Proposed rule 2a-7(a)(11). See supra Section II.A.1.
Proposed rule 2a-7(a)(13). See supra Section II.A.1.
Proposed rule 2a-7(c)(3)(iv)(C). See supra Section II.A.2.
Proposed rule 2a-7(c)(7)(i)(A). See supra Section II.A.3.
Proposed rule 2a-7(c)(10)(v)(A). See supra Section II.A.4. As noted above, see supra note 20, the proposed amendments would make conforming changes to rule 2a-7's recordkeeping and reporting requirements. We do not believe that these amendments would affect costs.
a. Benefits
We believe that the proposed amendments to rule 2a-7 may provide certain benefits to money market funds. As discussed above, in connection with the PRA analysis, money market funds have adopted policies and procedures that with respect to portfolio securities (including securities subject to a conditional demand feature) address credit quality, minimal credit risk determinations, monitoring for downgrades and defaults and stress testing. Under the proposed rules, money market funds could revise their policies and procedures with respect to each of these requirements to change or eliminate the consideration of credit ratings or consider other sources of credit quality evaluations as funds determine would be appropriate. Nevertheless, because the proposed amendments are designed to retain the same degree of credit risk limitation and similar standards for monitoring credit events and stress testing as under current rule 2a-7, the proposed amendments would not prohibit a money market fund from using its current policies and procedures to comply with the proposed amendments. In particular, as discussed above, fund boards (or their delegates) could still consider credit quality evaluations prepared by outside sources, including NRSRO ratings, that they conclude are credible and reliable for purposes of making credit quality determinations with respect to portfolio securities (including securities subject to a conditional demand feature), monitoring minimal credit risks of the portfolio and stress testing. We expect that each money market fund would undertake its own analysis of the costs or benefits of revising policies and procedures and would only change them to the extent the fund believed the benefits justified the costs of doing so.

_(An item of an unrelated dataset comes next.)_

(* Let $\Gamma$ be a gain operator on $\ell^\infty_+(\mathcal I)$. Assume there exists a path $\sigma:\mathbb R_+\to\ell^\infty_+(\mathcal I)$ which is continuous (in norm) and increasing (i.e. $r_1\le r_2\Rightarrow \sigma(r_1)\le\sigma(r_2)$), and which satisfies: (i) there is $\rho\in\mathcal K_\infty$ with $\Gamma_\rho(\sigma(r))\le\sigma(r)$ for all $r\ge 0$; (ii) there are $\varphi_{\min},\varphi_{\max}\in\mathcal K_\infty$ with $\varphi_{\min}(r)\mathbf 1\le\sigma(r)\le\varphi_{\max}(r)\mathbf 1$ for all $r\ge0$. Then there exists a path of strict decay for $\Gamma$.
   Context: Let $\mathcal I$ be a nonempty countable index set. $\ell^\infty(\mathcal I)$ is the Banach space of real families $s=(s_i)_{i\in\mathcal I}$ with $\|s\|:=\sup_i|s_i|<\infty$, and $\ell^\infty_+(\mathcal I):=\{s\in\ell^\infty(\mathcal I):s_i\ge0\ \forall i\}$. We write $s^1\le s^2$ iff $s^1_i\le s^2_i$ for all $i$, and $s^1\ll s^2$ iff $\inf_i(s^2_i-s^1_i)>0$. $\mathbf 1$ is the vector with all entries $1$. $\mathcal K$ is the set of continuous strictly increasing $\gamma:\mathbb R_+\to\mathbb R_+$ with $\gamma(0)=0$, and $\mathcal K_\infty$ the set of unbounded $\gamma\in\mathcal K$. A function $\varphi\in\mathcal K_\infty$ acts on $\ell^\infty_+(\mathcal I)$ componentwise: $\varphi(s):=(\varphi(s_i))_i$. For $\mathcal J\subset\mathcal I$ and $s\in\ell^\infty_+(\mathcal I)$, $s_{|\mathcal J}$ is the vector agreeing with $s$ on $\mathcal J$ and equal to $0$ elsewhere. Gain operator: for each $i\in\mathcal I$ let $\mathcal I_i\subset\mathcal I\setminus\{i\}$ be a finite (possibly empty) set; $\mathcal G$ is the directed graph with vertex set $\mathcal I$ and edges $ji$ for $i\in\mathcal I$, $j\in\mathcal I_i$. Let $\gamma_{ij}\in\mathcal K_\infty$ ($ji\in E(\mathcal G)$) be a pointwise equicontinuous family (for all $r_0\ge0,\varepsilon>0$ there is $\delta>0$ with $|\gamma_{ij}(r)-\gamma_{ij}(r_0)|\le\varepsilon$ whenever $|r-r_0|\le\delta$, for all edges $ji$). Let $\mu_i:\ell^\infty_+(\mathcal I)\to[0,\infty]$, $i\in\mathcal I$, satisfy: (M1) there is $\xi\in\mathcal K_\infty$ with $\mu_i(0)=0$ and $\mu_i(s)\ge\xi(\|s\|)$ for all $s,i$; (M2) $0\le s^1\le s^2\Rightarrow\mu_i(s^1)\le\mu_i(s^2)$; (M3) for every finite $\mathcal J\subset\mathcal I$ and every $i$, the restriction of $\mu_i$ to $\{s: s_k=0\ \forall k\notin\mathcal J\}$ is finite-valued and continuous; (M4) for every norm-bounded $A\subset\ell^\infty_+(\mathcal I)$ and $\varepsilon>0$ there is $\delta>0$ such that for all $s^0\in A$ and $s\in\ell^\infty_+(\mathcal I)$ with $\|s-s^0\|\le\delta$ we have $\sup_i|\mu_i(s_{|\mathcal I_i})-\mu_i(s^0_{|\mathcal I_i})|\le\varepsilon$. The gain operator is $\Gamma:\ell^\infty_+(\mathcal I)\to\ell^\infty_+(\mathcal I)$, $\Gamma_i(s):=\mu_i([\gamma_{ij}(s_j)]_{j\in\mathcal I_i})$, where the argument is the vector with entries $\gamma_{ij}(s_j)$ at $j\in\mathcal I_i$ and $0$ elsewhere. For $\rho\in\mathcal K_\infty$, $\Gamma_\rho:=(\mathrm{id}+\rho)\circ\Gamma$. A path of strict decay for $\Gamma$ is a map $\sigma:\mathbb R_+\to\ell^\infty_+(\mathcal I)$ such that: (i) there is $\rho\in\mathcal K_\infty$ with $\Gamma_\rho(\sigma(r))\le\sigma(r)$ for all $r\ge0$; (ii) there are $\varphi_{\min},\varphi_{\max}\in\mathcal K_\infty$ with $\varphi_{\min}(r)\mathbf 1\le\sigma(r)\le\varphi_{\max}(r)\mathbf 1$ for all $r\ge0$; (iii) each component $\sigma_i$ is a $\mathcal K_\infty$-function; (iv) for every compact interval $K\subset(0,\infty)$ there are $0<l\le L$ with $l|r_1-r_2|\le|\sigma_i^{-1}(r_1)-\sigma_i^{-1}(r_2)|\le L|r_1-r_2|$ for all $r_1,r_2\in K$, $i\in\mathcal I$. *)

theory Defs
  imports "HOL-Analysis.Analysis"
begin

Although some money market funds may eliminate the specific use of ratings in their credit risk determinations, we anticipate that many of those funds are likely to consider some outside analyses in evaluating the credit quality of, and minimal credit risks presented by, portfolio securities (including securities subject to a conditional demand feature). Fund boards' (or their delegates') consideration of external analyses by third party sources determined to be credible and reliable to the extent the fund board (or its delegate) considers appropriate may contribute to the accuracy of funds' determinations and thus help money market funds arrive at consistent credit risk determinations.
b. Costs
We recognize that there may be minor costs associated with the proposed amendments to rule 2a-7. Money market funds may incur some costs internally or to consult outside legal counsel to evaluate any need to change their policies and procedures relating to determinations of credit quality, monitoring for credit events and stress testing if the proposed amendments were adopted. We do not believe, however, that these costs are attributable to the proposed rule and form amendments because the requirement in the Dodd-Frank Act that we replace the use of credit ratings in rules with alternative standards of credit-worthiness would result in similar costs of evaluating compliance with a new credit quality standard.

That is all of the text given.